(* Let $\Pi_n=\{\pi_1,\ldots,\pi_n\}$ be a finite set of policies of a discrete mean-field game (setting in the context) with $J$ $\mu$-diff-affine. Then the restricted game on $\Pi_n$ admits a Nash equilibrium $\nu\in\Delta(\Pi_n)$ (i.e. $J(\pi_k,\mu(\nu))\le J(\pi(\nu),\mu(\nu))$ for all $k$), a correlated equilibrium and a coarse correlated equilibrium.
   Context: A discrete mean-field game consists of finite state set $\mathcal X$, finite action set $\mathcal A$, reward $r:\mathcal X\times\mathcal A\times\Delta(\mathcal X)\to\mathbb R$, transitions $p(x'\mid x,a)$ independent of the population distribution, initial distribution $\mu_0$. A policy is $\pi:\mathcal X\to\Delta(\mathcal A)$; $\mu^\pi$ is its state occupancy measure; $J(\pi,\mu)=\sum_{x,a}\mu^\pi(x)\pi(x,a)r(x,a,\mu)$. For $\nu\in\Delta(\Pi_n)$, $\mu(\nu)=\sum_j\nu(\pi_j)\mu^{\pi_j}$ and $J(\pi(\nu),\mu)=\sum_i\nu(\pi_i)J(\pi_i,\mu)$. $J$ is $\mu$-diff-affine if for all policies $\pi,\pi'$ the map $\mu\mapsto J(\pi,\mu)-J(\pi',\mu)$ is affine. A restricted coarse correlated equilibrium is a finitely supported distribution $\rho$ over $\Delta(\Pi_n)$ with $\mathbb E_{\nu\sim\rho}[J(\pi_k,\mu(\nu))-J(\pi(\nu),\mu(\nu))]\le0$ for all $k$; a restricted correlated equilibrium is such a $\rho$ with $\sum_\nu\rho(\nu)\nu(\pi_i)\big(J(\pi_k,\mu(\nu))-J(\pi_i,\mu(\nu))\big)\le0$ for all $i,k$. *)

theory Defs
  imports Complex_Main
begin

definition is_dist :: "('x::finite \<Rightarrow> real) \<Rightarrow> bool" where
  "is_dist d \<longleftrightarrow> (\<forall>x. 0 \<le> d x) \<and> (\<Sum>x\<in>UNIV. d x) = 1"

definition is_policy :: "('x::finite \<Rightarrow> 'a::finite \<Rightarrow> real) \<Rightarrow> bool" where
  "is_policy pol \<longleftrightarrow> (\<forall>x. is_dist (pol x))"

text \<open>State distribution at time t when playing pol from mu0 under transitions p x a x' = p(x'|x,a).\<close>
fun state_dist :: "('x::finite \<Rightarrow> 'a::finite \<Rightarrow> 'x \<Rightarrow> real) \<Rightarrow> ('x \<Rightarrow> real)
    \<Rightarrow> ('x \<Rightarrow> 'a \<Rightarrow> real) \<Rightarrow> nat \<Rightarrow> 'x \<Rightarrow> real" where
  "state_dist p mu0 pol 0 = mu0"
| "state_dist p mu0 pol (Suc t) =
     (\<lambda>x'. \<Sum>x\<in>UNIV. \<Sum>a\<in>UNIV. state_dist p mu0 pol t x * pol x a * p x a x')"
theorem proposition4p2:
  fixes q :: real
  assumes "0 < q" and "q < 1"
  shows "\<exists>S :: nat set. S \<noteq> {} \<and> has_specification (gap_shift S) \<and> has_entropy (gap_shift S) q"
proof -
  define r where "r = 2 powr (- q)"
  have r_gt: "1/2 < r" using assms powr_less_mono[of "-1" "-q" 2] by (simp add: r_def powr_minus)
  have r_lt: "r < 1" using assms by (simp add: r_def powr_less_one)
  obtain D where "\<forall>t. \<exists>a<D. t + a \<in> lazy_gaps r" using lazy_gaps_syndetic[OF r_gt r_lt] by blast
  then have "has_specification (gap_shift (lazy_gaps r))"
    by (intro has_specification_gap_shift zero_in_lazy_gaps)
  moreover have "has_entropy (gap_shift (lazy_gaps r)) (- log 2 r)"
    using r_gt r_lt sum_lazy_gaps_le[OF r_gt r_lt] sum_lazy_gaps_ge[OF r_gt r_lt]
    by (intro has_entropy_gap_shift) auto
  moreover have "- log 2 r = q" by (simp add: r_def)
  ultimately show ?thesis using zero_in_lazy_gaps by blast
qed

end
(* Let $p\geq 2$ be an integer and $r=\lceil\log_2(p-1)\rceil$. For all integers $0\leq q_0,q_1\leq p-1$, all integers $0\leq r_1,r_2\leq r$ with $r_1+r_2=r$, and all integers $m\geq 2\binom{r_1+1}{2}+2\binom{r_2+1}{2}+2$, $$\mathrm{forb}(m,3,F(p-q_0,p,p,p-q_1))\geq \mathrm{forb}(m,3,p\cdot K_2)-\min\{q_0,q_1\}\binom{r_1+1}{2}-\max\{q_0,q_1\}\binom{r_2+1}{2}.$$
   Context: An $s$-matrix is a matrix with entries in $\{0,\dots,s-1\}$; simple means no repeated columns. $F\prec A$ means some submatrix of $A$ is a row/column permutation of $F$. $\mathrm{forb}(m,s,F)$ is the maximum number of columns of an $m$-rowed simple $s$-matrix $A$ with $F\not\prec A$. $F(a,b,c,d)$ is the 2-rowed $(0,1)$-matrix consisting of $a$ columns $\binom{0}{0}$, $b$ columns $\binom{1}{0}$, $c$ columns $\binom{0}{1}$ and $d$ columns $\binom{1}{1}$. $K_2$ is the $2\times4$ matrix of all $(0,1)$-columns of length 2 and $p\cdot K_2$ is the concatenation of $p$ copies of it. *)

theory Defs
  imports Complex_Main
begin

text \<open>A column of length m is a function nat => nat, zero outside rows 0..m-1.
  A simple m-rowed s-matrix is a finite set of such columns (no repeated columns,
  column order is irrelevant since configurations allow column permutations).\<close>
definition simple_smatrix :: "nat \<Rightarrow> nat \<Rightarrow> (nat \<Rightarrow> nat) set \<Rightarrow> bool" where
  "simple_smatrix m s A \<longleftrightarrow> finite A \<and>
     (\<forall>c\<in>A. (\<forall>i<m. c i < s) \<and> (\<forall>i\<ge>m. c i = 0))"

text \<open>A general k-rowed matrix F is a list of columns (repetitions allowed).\<close>
definition config :: "nat \<Rightarrow> (nat \<Rightarrow> nat) list \<Rightarrow> nat \<Rightarrow> (nat \<Rightarrow> nat) set \<Rightarrow> bool" where
  "config k F m A \<longleftrightarrow> (\<exists>\<rho> \<sigma>. inj_on \<rho> {..<k} \<and> \<rho> ` {..<k} \<subseteq> {..<m} \<and>
      inj_on \<sigma> {..<length F} \<and> \<sigma> ` {..<length F} \<subseteq> A \<and>
      (\<forall>j<length F. \<forall>i<k. \<sigma> j (\<rho> i) = (F ! j) i))"

definition forb :: "nat \<Rightarrow> nat \<Rightarrow> nat \<Rightarrow> (nat \<Rightarrow> nat) list \<Rightarrow> nat" where
  "forb m s k F = Max {card A | A. simple_smatrix m s A \<and> \<not> config k F m A}"

definition col2 :: "nat \<Rightarrow> nat \<Rightarrow> nat \<Rightarrow> nat" where
  "col2 x y = (\<lambda>i. if i = 0 then x else if i = 1 then y else 0)"

definition Fabcd :: "nat \<Rightarrow> nat \<Rightarrow> nat \<Rightarrow> nat \<Rightarrow> (nat \<Rightarrow> nat) list" where
  "Fabcd a b c d = replicate a (col2 0 0) @ replicate b (col2 1 0) @
                   replicate c (col2 0 1) @ replicate d (col2 1 1)"

text \<open>p . K_2 = concatenation of p copies of K_2 (same multiset of columns as F(p,p,p,p)).\<close>
definition pK2 :: "nat \<Rightarrow> (nat \<Rightarrow> nat) list" where
  "pK2 p = concat (replicate p [col2 0 0, col2 1 0, col2 0 1, col2 1 1])"

end

theory Submission
  imports Defs
begin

....

WHAT TO PRODUCE:
Only a number is needed here: the count of lines above that hold the string "assms".

RESPONSE:
2